Good morning, everyone,

I am currently in an advertising company in China for over 6 years now and I recently had a very interesting job offer.

However the company is based in Australia, more precisely in Sydney. I've never been there and I don't know much about this town. I come to you for information about the cost of living, if it is complicated to settle there, the different neighborhoods. I would also like to know if there are a large number of expatriates, how foreigners are welcomed.

You can also tell me if you think it is a good idea to move here for work and if people have experienced the same thing. 

I thank you for your help and do not hesitate to provide me with as much information as possible... 

Have a nice day


----------



## MathieuLaroche01

mattsv said:


> Good morning, everyone,
> 
> I am currently in an advertising company in China for over 6 years now and I recently had a very interesting job offer.
> 
> However the company is based in Australia, more precisely in Sydney. I've never been there and I don't know much about this town. I come to you for information about the cost of living, if it is complicated to settle there, the different neighborhoods. I would also like to know if there are a large number of expatriates, how foreigners are welcomed.
> 
> You can also tell me if you think it is a good idea to move here for work and if people have experienced the same thing.
> 
> I thank you for your help and do not hesitate to provide me with as much information as possible...
> 
> Have a nice day


Hi Mattsv,

Simple curiosity: where are you from?

Because what I mean is that if you managed to integrate in China, you will have no problem in Australia .

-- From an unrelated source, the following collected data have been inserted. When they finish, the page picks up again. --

text \<open>
  The cumulative mixture loss of EWA telescopes: it equals \<open>-ln \<integral> exp (-L\<^sub>t) dQ\<^sub>1\<close>, where
  \<open>L\<^sub>t\<close> is the cumulative square loss. To bound the integral from below, restrict it to the
  ball of radius \<open>\<epsilon>\<close> around \<open>\<theta>bar\<close>, which lies inside the support of \<open>Q\<^sub>1\<close> and has
  \<open>Q\<^sub>1\<close>-mass \<open>(\<epsilon>/(B+1))\<^sup>p\<close>. Pairing \<open>\<theta>bar + u\<close> with \<open>\<theta>bar - u\<close>, the linear terms of
  the quadratic loss cancel, so \<open>L\<^sub>t\<close> averages to at most \<open>L\<^sub>t(\<theta>bar) + t\<epsilon>\<^sup>2/2\<close> over
  the pair (as \<open>\<parallel>X\<^sub>s\<parallel> \<le> 1\<close>), and by convexity of \<open>exp\<close> the integrand averages to at
  least \<open>exp (-L\<^sub>t(\<theta>bar) - t\<epsilon>\<^sup>2/2)\<close> on the ball. The radius \<open>\<epsilon>\<^sup>2 = p / max p t\<close>
  balances this curvature cost against the volume cost \<open>p ln ((B+1)/\<epsilon>)\<close>.
\<close>

lemma exp_midpoint_le:
  fixes a b :: real
  shows "exp ((a + b) / 2) \<le> (exp a + exp b) / 2"
proof -
  have "exp ((a + b) / 2) = exp (a / 2) * exp (b / 2)"
    by (simp add: add_divide_distrib exp_add)
  moreover have "exp a = exp (a / 2)^2" "exp b = exp (b / 2)^2"
    by (simp_all add: power2_eq_square flip: exp_add)
  moreover have "0 \<le> (exp (a / 2) - exp (b / 2))^2" by simp
  ultimately show ?thesis by (simp add: power2_eq_square algebra_simps)
qed
(* Let $(x_n)_{n \geq 1}$ be a sequence of vectors with $x_n$ on the complex unit sphere of $\mathbb{C}^n$ for all $n$. Then there exists a unique virtual isometry $(u_n)_{n \geq 1}$ such that $u_n(e_n) = x_n$ for all $n \geq 1$, and it is given by $u_n = r_n r_{n-1}\cdots r_1$, where for $j \in \{1,\dots,n\}$, $r_j = \mathrm{Id}$ if $x_j = e_j$, and otherwise $r_j$ is the unique reflection (unitary operator $r$ with $r-\mathrm{Id}$ of rank one, acting on $\mathbb{C}^j$ and fixing $e_k$ for $k>j$) such that $r_j(e_j) = x_j$. Moreover, if $x_n = e_{i_n}$ with $i_n \in \{1,\dots,n\}$ for all $n$, then $(u_n)_{n\ge1}$ is the sequence of permutation matrices (with $u_n e_j = e_{\sigma_n(j)}$) of the virtual permutation $(\sigma_n)_{n\ge1}$ given by $\sigma_n = \tau_{n,i_n}\tau_{n-1,i_{n-1}}\cdots\tau_{1,i_1}$, where $\tau_{j,k} = \mathrm{Id}$ if $j = k$ and $\tau_{j,k}$ is the transposition $(j,k)$ if $j \neq k$.
   Context: Let $(e_k)$ be the canonical basis of $\ell^2$; identify $\mathbb{C}^n$ with the span of $e_1,\dots,e_n$ and $U(n)$ with the unitary operators fixing every $e_k$, $k>n$. For $n\ge m\ge1$ and $u\in U(n)$, $\pi_{n,m}(u)$ is the unique $v\in U(m)$ such that the range of $u-v$ is contained in $(u-\mathrm{Id})(\mathrm{span}\{e_k:k>m\})$ (existence and uniqueness are known). A virtual isometry is a sequence $(u_n)_{n\ge1}$ with $u_n\in U(n)$ and $\pi_{n+1,n}(u_{n+1})=u_n$ for all $n\ge1$. A virtual permutation is a sequence $(\sigma_n)$, $\sigma_n\in\mathcal{S}_n$, such that for $n\ge m$, $\sigma_m$ is obtained from $\sigma_n$ by deleting $m+1,\dots,n$ from its cycle structure. *)

theory Defs
  imports "HOL-Analysis.Analysis" "HOL-Combinatorics.Permutations"
begin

I think you are aware of the good reputation of Australian cities as regards standard of living. I think you should expect quite a higher cost of living, as you can guess. But overall life there is pretty amazing.

There are a lot of expatriates. Personally, I'm French-Italian and there is a strong community of both French and Italian people.

As regards the cost of living, I'm not sure I can understand... It depends on how much money you make, how you spend it, how often you like to go out, etc.

Do you already have a clear idea of when you will be there?

I'm not sure when I'll be in Sydney, as I'm currently in Bangkok for a while. But we could even grab a beer together when you get there if you want 

Let me know

Feel free to ask for further information. I will, I mean WE will try to help you as much as we can


----------



## mattsv

Hello MathieuLaroche01, thank you for your answer
I come from Belgium, I have always enjoyed travelling and I wanted to find a job abroad.

I've heard that Australians are very welcoming with strangers indeed.

As for the buget, I'm someone who likes to go out in the evening for a drink to meet people or simply to decompress from a day's work. I am not very rigorous in managing my expenses, but I will have to. Especially since, as you said, the cost of living is not the same.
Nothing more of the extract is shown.